A Web application is a piece of software whose execution is split between the client and the server, and it sends data between the two sides every time you do something significant—even, perhaps, on every single keystroke. Inevitably, the volume of data has some correlation with the action performed. Since most Web applications are offered to the general public at low or no cost, an adversary can map out much of its internal state machine and develop a model that lets them deduce what someone’s doing from an observed sequence of packets.   This has been successfully applied (in the lab) to Web applications for highly sensitive tasks, such as tax preparation and medical advice.
The only known solution to this problem is to pad the amount of data passed over the network in each direction so that the adversary cannot learn anything about the state of the web application from an observed sequence of packets. Unfortunately, the obvious way to do this involves unacceptably high levels of overhead—this paper quotes  as observing
21074% overhead for a well-known online tax system. Today’s paper proposes that techniques from the field of privacy-preserving data publishing (PPDP, ) be brought to bear on the problem.

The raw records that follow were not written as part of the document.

(* Let $(\mathcal{X},d_\mathcal{X})$, $(\mathcal{Y}_k,d_{\mathcal{Y}_k})$, $k=1,\dots,K$, be compact metric spaces, $c_k:\mathcal{X}\times\mathcal{Y}_k\to\mathbb{R}_+$ continuous, and assume that for every $Y=(y_1,\dots,y_K)\in\mathcal{Y}:=\mathcal{Y}_1\times\cdots\times\mathcal{Y}_K$ the problem $\min_{x\in\mathcal{X}}C(x,Y)$, with $C(x,Y):=\sum_{k=1}^K c_k(x,y_k)$, has a unique minimiser $B(Y)$. Assume moreover that there exist $x\in\mathcal{X}$ and $Y\in\mathcal{Y}$ with $x\neq B(Y)$, and let $R:=\max_{(x,Y)\in\mathcal{X}\times\mathcal{Y}} d_\mathcal{X}(x,B(Y))$. Then there exists a function $\delta=\eta\circ d_\mathcal{X}$, where $\eta:[0,R]\to\mathbb{R}_+$ is lower semi-continuous, non-decreasing and satisfies $\eta(s)=0\iff s=0$, such that $$\forall (x,Y)\in\mathcal{X}\times\mathcal{Y},\quad C(x,Y)\ge C(B(Y),Y)+\delta(x,B(Y)).$$
   Context: $\mathcal{Y}$ is equipped with the product distance; $B$ is continuous so $R$ is finite and positive under the stated assumptions. *)

theory Defs
  imports "HOL-Analysis.Analysis"
begin

definition lsc_on :: "real set \<Rightarrow> (real \<Rightarrow> real) \<Rightarrow> bool" where
  "lsc_on S f \<longleftrightarrow>
     (\<forall>x\<in>S. \<forall>t. t < f x \<longrightarrow> (\<exists>e>0. \<forall>y\<in>S. dist y x < e \<longrightarrow> t < f y))"

end

theory Submission
  imports Defs
begin

text \<open>Compactness turns the strict uniqueness of the minimiser B(Y) into a uniform gap: the
  graph of B is the closed set of minimising pairs, hence compact, so for every t > 0 the excess
  C(x, Y) - C(B(Y), Y) attains a positive minimum on the compact set of (x, Y) with
  d(x, B(Y)) \<ge> t. The modulus \<eta>(s) is the supremum of the gaps that are valid beyond some
  threshold t < s (capped at 1 to keep the supremum finite); the strict inequality t < s makes
  \<eta> lower semicontinuous.\<close>

lemma compact_PiE:
  fixes Ys :: "'i \<Rightarrow> 'b::topological_space set"
  assumes "\<And>i. i \<in> I \<Longrightarrow> compact (Ys i)"
  shows "compact (PiE I Ys)"
proof -
  define Z where "Z i = (if i \<in> I then Ys i else {undefined})" for i
  have "PiE I Ys = PiE UNIV Z"
    by (auto simp: PiE_iff Z_def extensional_def split: if_splits)
  moreover have "compactin (product_topology (\<lambda>_. euclidean) UNIV) (PiE UNIV Z)"
    by (simp add: compactin_PiE Z_def assms)
  ultimately show ?thesis
    by (simp add: euclidean_product_topology)
qed

lemma continuous_on_sum_coordinates:
  fixes c :: "'i \<Rightarrow> 'a::topological_space \<Rightarrow> 'b::topological_space \<Rightarrow> real"
  assumes "\<And>i. i \<in> I \<Longrightarrow> continuous_on (X \<times> Ys i) (\<lambda>(x, y). c i x y)"
  shows "continuous_on (X \<times> PiE I Ys) (\<lambda>(x, Y). \<Sum>i\<in>I. c i x (Y i))"
  unfolding case_prod_unfold
proof (intro continuous_on_sum)
  fix i assume i: "i \<in> I"
  have "continuous_on (X \<times> PiE I Ys) (\<lambda>q. (fst q, snd q i))"
    by (intro continuous_intros continuous_on_product_then_coordinatewise)
  moreover have "(\<lambda>q. (fst q, snd q i)) ` (X \<times> PiE I Ys) \<subseteq> X \<times> Ys i"
    using i by auto
  ultimately have "continuous_on (X \<times> PiE I Ys) (\<lambda>q. (\<lambda>(x, y). c i x y) (fst q, snd q i))"
    by (rule continuous_on_compose2[OF assms[OF i]])
  then show "continuous_on (X \<times> PiE I Ys) (\<lambda>q. c i (fst q) (snd q i))"
    by simp
qed

lemma compact_unique_argmin_graph:
  fixes F :: "'a::topological_space \<Rightarrow> 'p::topological_space \<Rightarrow> real"
  assumes "compact X" "compact P"
    and F_cont: "continuous_on (X \<times> P) (\<lambda>(x, p). F x p)"
    and B_in: "\<And>p. p \<in> P \<Longrightarrow> B p \<in> X"
    and B_min: "\<And>p x. p \<in> P \<Longrightarrow> x \<in> X \<Longrightarrow> x \<noteq> B p \<Longrightarrow> F (B p) p < F x p"
  shows "compact ((\<lambda>p. (B p, p)) ` P)"
proof (cases "X = {}")
  case True
  then have "P = {}"
    using B_in by blast
  then show ?thesis
    by simp
next
  case False
  have "(\<lambda>p. (B p, p)) ` P =
      (\<Inter>z\<in>X. (X \<times> P) \<inter> (\<lambda>q. F (fst q) (snd q) - F z (snd q)) -` {..0})"
    using B_in B_min False by (force simp: image_iff less_le_not_le)
  moreover have "closedin (top_of_set (X \<times> P))
      (\<Inter>z\<in>X. (X \<times> P) \<inter> (\<lambda>q. F (fst q) (snd q) - F z (snd q)) -` {..0})"
  proof (intro closedin_INT False continuous_closedin_preimage continuous_on_diff)
    fix z assume "z \<in> X"
    have "continuous_on (X \<times> P) (\<lambda>q. (z, snd q))"
      by (intro continuous_intros)
    moreover have "(\<lambda>q. (z, snd q)) ` (X \<times> P) \<subseteq> X \<times> P"
      using \<open>z \<in> X\<close> by auto
    ultimately have "continuous_on (X \<times> P) (\<lambda>q. (\<lambda>(x, p). F x p) (z, snd q))"
      by (rule continuous_on_compose2[OF F_cont])
    then show "continuous_on (X \<times> P) (\<lambda>q. F z (snd q))"
      by simp
  qed (use F_cont in \<open>simp_all add: case_prod_unfold\<close>)
  ultimately show ?thesis
    using closedin_compact[OF compact_Times[OF assms(1,2)]] by simp
qed

lemma compact_pos_continuous_bounded_below:
  fixes H :: "'a::topological_space \<Rightarrow> real"
  assumes "compact T" "continuous_on T H" "\<And>q. q \<in> T \<Longrightarrow> 0 < H q"
  shows "\<exists>e>0. \<forall>q\<in>T. e \<le> H q"
proof (cases "T = {}")
  case False
  then obtain q0 where "q0 \<in> T" "\<forall>q\<in>T. H q0 \<le> H q"
    using continuous_attains_inf assms(1,2) by blast
  then show ?thesis
    using assms(3) by blast
qed (auto intro: exI[of _ 1])

lemma unique_argmin_uniform_gap:
  fixes X :: "'a::metric_space set" and F :: "'a \<Rightarrow> 'p::topological_space \<Rightarrow> real"
  assumes "compact X" "compact P"
    and F_cont: "continuous_on (X \<times> P) (\<lambda>(x, p). F x p)"
    and B_in: "\<And>p. p \<in> P \<Longrightarrow> B p \<in> X"
    and B_min: "\<And>p x. p \<in> P \<Longrightarrow> x \<in> X \<Longrightarrow> x \<noteq> B p \<Longrightarrow> F (B p) p < F x p"
    and "t > 0"
  shows "\<exists>e>0. \<forall>x\<in>X. \<forall>p\<in>P. t \<le> dist x (B p) \<longrightarrow> F (B p) p + e \<le> F x p"
proof -
  \<comment> \<open>Triples (x, B p, p): the graph of B is compact although B is not known to be continuous.\<close>
  define T where "T = (X \<times> (\<lambda>p. (B p, p)) ` P) \<inter> {q. t \<le> dist (fst q) (fst (snd q))}"
  define H where "H q = F (fst q) (snd (snd q)) - F (fst (snd q)) (snd (snd q))" for q
  have "compact T"
    unfolding T_def using assms(1-5)
    by (intro compact_Int_closed compact_Times compact_unique_argmin_graph closed_Collect_le
        continuous_intros)
  have F_comp: "continuous_on T (\<lambda>q. F (f q) (snd (snd q)))"
    if "continuous_on T f" "\<And>q. q \<in> T \<Longrightarrow> f q \<in> X" for f
  proof -
    have "continuous_on T (\<lambda>q. (\<lambda>(x, p). F x p) (f q, snd (snd q)))"
      using that B_in
      by (intro continuous_on_compose2[OF F_cont] continuous_intros) (auto simp: T_def)
    then show ?thesis
      by simp
  qed
  have "continuous_on T H"
    unfolding H_def using B_in by (intro continuous_on_diff F_comp continuous_intros) (auto simp: T_def)
  moreover have "0 < H q" if "q \<in> T" for q
    using that B_min \<open>t > 0\<close> by (fastforce simp: T_def H_def)
  ultimately obtain e where "e > 0" "\<forall>q\<in>T. e \<le> H q"
    using compact_pos_continuous_bounded_below \<open>compact T\<close> by blast
  moreover have "(x, B p, p) \<in> T" if "x \<in> X" "p \<in> P" "t \<le> dist x (B p)" for x p
    using that by (auto simp: T_def)
  ultimately show ?thesis
    unfolding H_def by force
qed

context
  fixes I :: "'i set" and d g :: "'i \<Rightarrow> real"
begin

definition uniform_margins :: "real \<Rightarrow> real set" where
  "uniform_margins s = {e \<in> {0..1}. \<exists>t\<in>{0<..<s}. \<forall>i\<in>I. t \<le> d i \<longrightarrow> e \<le> g i}"

definition gap_modulus :: "real \<Rightarrow> real" where
  "gap_modulus s = (if s \<le> 0 then 0 else Sup (uniform_margins s))"

lemma uniform_margins_mono: "r \<le> s \<Longrightarrow> uniform_margins r \<subseteq> uniform_margins s"
  unfolding uniform_margins_def by auto

lemma bdd_above_uniform_margins: "bdd_above (uniform_margins s)"
  unfolding uniform_margins_def by (rule bdd_aboveI[of _ 1]) auto

lemma le_gap_modulus: "e \<in> uniform_margins s \<Longrightarrow> 0 < s \<Longrightarrow> e \<le> gap_modulus s"
  unfolding gap_modulus_def by (simp add: cSup_upper bdd_above_uniform_margins)

context
  assumes g_nonneg: "\<And>i. i \<in> I \<Longrightarrow> 0 \<le> g i"
begin

lemma zero_in_uniform_margins: "0 < s \<Longrightarrow> 0 \<in> uniform_margins s"
  unfolding uniform_margins_def using g_nonneg dense[of 0 s] by auto

lemma gap_modulus_nonneg: "0 \<le> gap_modulus s"
  using le_gap_modulus[OF zero_in_uniform_margins] by (cases "s \<le> 0") (auto simp: gap_modulus_def)

lemma mono_gap_modulus: "mono gap_modulus"
proof
  fix r s :: real
  assume "r \<le> s"
  show "gap_modulus r \<le> gap_modulus s"
  proof (cases "r \<le> 0")
    case True
    then show ?thesis
      using gap_modulus_nonneg by (simp add: gap_modulus_def)
  next
    case False
    then have "0 \<in> uniform_margins r"
      by (simp add: zero_in_uniform_margins)
    then have "Sup (uniform_margins r) \<le> Sup (uniform_margins s)"
      using uniform_margins_mono[OF \<open>r \<le> s\<close>]
      by (intro cSup_subset_mono bdd_above_uniform_margins) auto
    then show ?thesis
      using False \<open>r \<le> s\<close> by (simp add: gap_modulus_def)
  qed
qed

lemma gap_modulus_pos:
  assumes gap: "\<And>t. 0 < t \<Longrightarrow> \<exists>e>0. \<forall>i\<in>I. t \<le> d i \<longrightarrow> e \<le> g i" and "0 < s"
  shows "0 < gap_modulus s"
proof -
  obtain e where "e > 0" and e: "\<forall>i\<in>I. s / 2 \<le> d i \<longrightarrow> e \<le> g i"
    using gap[of "s / 2"] \<open>0 < s\<close> by auto
  have "s / 2 \<in> {0<..<s}"
    using \<open>0 < s\<close> by simp
  then have "min e 1 \<in> uniform_margins s"
    using e \<open>e > 0\<close> unfolding uniform_margins_def by fastforce
  then have "min e 1 \<le> gap_modulus s"
    using \<open>0 < s\<close> by (rule le_gap_modulus)
  then show ?thesis
    using \<open>e > 0\<close> by linarith
qed

lemma gap_modulus_le:
  assumes "i \<in> I"
  shows "gap_modulus (d i) \<le> g i"
proof (cases "d i \<le> 0")
  case True
  then show ?thesis
    using g_nonneg[OF assms] by (simp add: gap_modulus_def)
next
  case False
  have "e \<le> g i" if "e \<in> uniform_margins (d i)" for e
  proof -
    from that obtain t where "t < d i" and "\<forall>j\<in>I. t \<le> d j \<longrightarrow> e \<le> g j"
      unfolding uniform_margins_def by auto
    then show ?thesis
      using assms by auto
  qed
  then have "Sup (uniform_margins (d i)) \<le> g i"
    using zero_in_uniform_margins[of "d i"] False by (intro cSup_least) auto
  then show ?thesis
    using False by (simp add: gap_modulus_def)
qed

lemma lsc_on_gap_modulus: "lsc_on A gap_modulus"
  unfolding lsc_on_def
proof (intro ballI allI impI)
  fix s y assume "y < gap_modulus s"
  show "\<exists>\<epsilon>>0. \<forall>r\<in>A. dist r s < \<epsilon> \<longrightarrow> y < gap_modulus r"
  proof (cases "s \<le> 0")
    case True
    then have "y < 0"
      using \<open>y < gap_modulus s\<close> by (simp add: gap_modulus_def)
    show ?thesis
    proof (intro exI[of _ 1] conjI ballI impI)
      fix r
      show "y < gap_modulus r"
        using \<open>y < 0\<close> gap_modulus_nonneg[of r] by linarith
    qed simp
  next
    case False
    then have "0 \<in> uniform_margins s"
      by (simp add: zero_in_uniform_margins)
    then have "uniform_margins s \<noteq> {}"
      by blast
    moreover have "y < Sup (uniform_margins s)"
      using \<open>y < gap_modulus s\<close> False by (simp add: gap_modulus_def)
    ultimately obtain e where "e \<in> uniform_margins s" "y < e"
      using less_cSup_iff[OF _ bdd_above_uniform_margins] by blast
    then obtain t where "0 < t" "t < s" "e \<in> {0..1}" and t: "\<forall>i\<in>I. t \<le> d i \<longrightarrow> e \<le> g i"
      unfolding uniform_margins_def by auto
    show ?thesis
    proof (intro exI[of _ "s - t"] conjI ballI impI)
      fix r assume "dist r s < s - t"
      then have "t \<in> {0<..<r}"
        using \<open>0 < t\<close> by (simp add: dist_real_def abs_less_iff)
      then have "e \<in> uniform_margins r"
        using t \<open>e \<in> {0..1}\<close> unfolding uniform_margins_def by blast
      then have "e \<le> gap_modulus r"
        using \<open>t \<in> {0<..<r}\<close> by (intro le_gap_modulus) auto
      then show "y < gap_modulus r"
        using \<open>y < e\<close> by linarith
    qed (use \<open>t < s\<close> in simp)
  qed
qed

end

end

The paper is mathematically heavy going and I’m not going to go into details of their exact proposal, because it’s really just a starting point. Instead, I’m going to pull out some interesting observations:
More padding is not always better. They show an example case where padding messages to a multiple of 128 bytes is exactly as good as padding them to a multiple of 512 bytes, and padding them to a multiple of 520 bytes is worse.
Computing the optimal amount of padding for a web application (as they define it) is NP-hard even with complete, ideal knowledge of its behavior. However, there are reasonably efficient and speedy approximations—if I understood them correctly, it might even be feasible to apply one of their algorithms on the fly with each client.
Because optimality is defined over an entire sequence of user interactions with an application, knowing how much padding to send in response to any given request may require the server to predict the future. Again, however, there are approximations that avoid this problem.
PPDP offers a whole bunch of different ways to model the degree to which one has mitigated the information leak: k-anonymity is the model they spend the most time on, but there’s also l-diversity, (α, k)-anonymity, t-closeness, etc. etc. I don’t follow that literature but I have the impression people are still actively making up new models and haven’t spent a whole lot of time on figuring out which is best in which situations.
The great failing of this and all the other papers I’ve ever read in this area is operationalization. This paper’s algorithms need a complete, or nearly so, map of all possible sequences of states that a Web application can enter, and the authors shrug off the question of how you create this map in the first place. (I very strongly suspect that task can’t be mechanized in the general case—it will turn out to be the Halting Problem in another of its many disguises.) They also don’t seem to realize that things like Google search suggestions (the running example in the paper) are constantly changing. (Of course, that makes life harder for the adversary too.) This doesn’t mean there is no hope; it only means you need more approximations. I think it ought to be possible to build good-enough automatic padding into CMSes, and maybe even into web application frameworks. Trying that should be a priority for future research.